Crimes Against Humanity and Civilization: The Genocide of the Armenians
This series of eight lessons is organized as a mini-unit for teaching the Armenian Genocide.

The Nanjing Atrocities: Crimes of War
The Nanjing Atrocities: Crimes of War details the events unfolding in China and Japan in the years leading up to World War II in East Asia, and the Japanese occupation of the city of Nanjing, China, in 1937. Following our guiding scope and sequence, this resource lays a broad framework and contains an in-depth examination of the war crimes known today as the Nanjing Atrocities.

Contemporary Resources

What Is Genocide?
Since 2022, charges of genocide and genocidal intent have arisen from conflicts that are regularly front page news. Coined as a moral and legal concept and codified as an international crime in the aftermath of World War II and the Holocaust, genocide is considered among the most serious offenses that a government, military, or other organized group can commit. Use this explainer to help students understand the meaning, gravity, and history of the concept and crime of genocide as well as the international laws and organizations that were created to prevent and prosecute it.

The Psychology of Genocidal Behavior
In this video, psychologist James Edward Waller brings a psychological lens to understanding why people commit genocidal acts.

Human Rights in the News
On December 10, 1948, the United Nations adopted the Universal Declaration of Human Rights (UDHR), a historic commitment to universal rights.

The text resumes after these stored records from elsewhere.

definition kernel_vanishing_on :: "complex ^ 'n ^ 'r \<Rightarrow> 'n set \<Rightarrow> (complex ^ 'n) set" where
  "kernel_vanishing_on A T = {z. A *v z = 0 \<and> (\<forall>i\<in>T. z$i = 0)}"

lemma subspace_adj_range_plus_supp: "subspace (adj_range_plus_supp A T)"
proof (unfold subspace_def, intro conjI ballI allI)
  show "0 \<in> adj_range_plus_supp A T"
    unfolding adj_range_plus_supp_def by (auto intro!: exI[of _ 0])
next
  fix x y assume "x \<in> adj_range_plus_supp A T" "y \<in> adj_range_plus_supp A T"
  then obtain l s l' s' where "x = conj_transpose A *v l + s" "\<forall>i. i \<notin> T \<longrightarrow> s$i = 0"
    "y = conj_transpose A *v l' + s'" "\<forall>i. i \<notin> T \<longrightarrow> s'$i = 0"
    unfolding adj_range_plus_supp_def by blast
  then show "x + y \<in> adj_range_plus_supp A T"
    unfolding adj_range_plus_supp_def
    by (intro CollectI exI[of _ "l + l'"] exI[of _ "s + s'"])
       (simp add: matrix_vector_right_distrib algebra_simps)
next
  fix c :: real and x assume "x \<in> adj_range_plus_supp A T"
  then obtain l s where "x = conj_transpose A *v l + s" "\<forall>i. i \<notin> T \<longrightarrow> s$i = 0"
    unfolding adj_range_plus_supp_def by blast
  then show "c *\<^sub>R x \<in> adj_range_plus_supp A T"
    unfolding adj_range_plus_supp_def
    by (intro CollectI exI[of _ "c *\<^sub>R l"] exI[of _ "c *\<^sub>R s"])
       (simp add: linear_cmul[OF matrix_vector_mul_linear] scaleR_add_right)
qed

lemma adj_range_plus_supp_mono: "T \<subseteq> T' \<Longrightarrow> adj_range_plus_supp A T \<subseteq> adj_range_plus_supp A T'"
  unfolding adj_range_plus_supp_def by blast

In this Teaching Idea, students use the UDHR as a framework for understanding both the progress that has been made since 1948 and the areas where we continue to fall short in protecting and promoting human rights. This analysis can inspire and motivate students to dedicate themselves to the cause of human rights worldwide by promoting them in the “small places close to home,” which is where, according to Eleanor Roosevelt, they begin.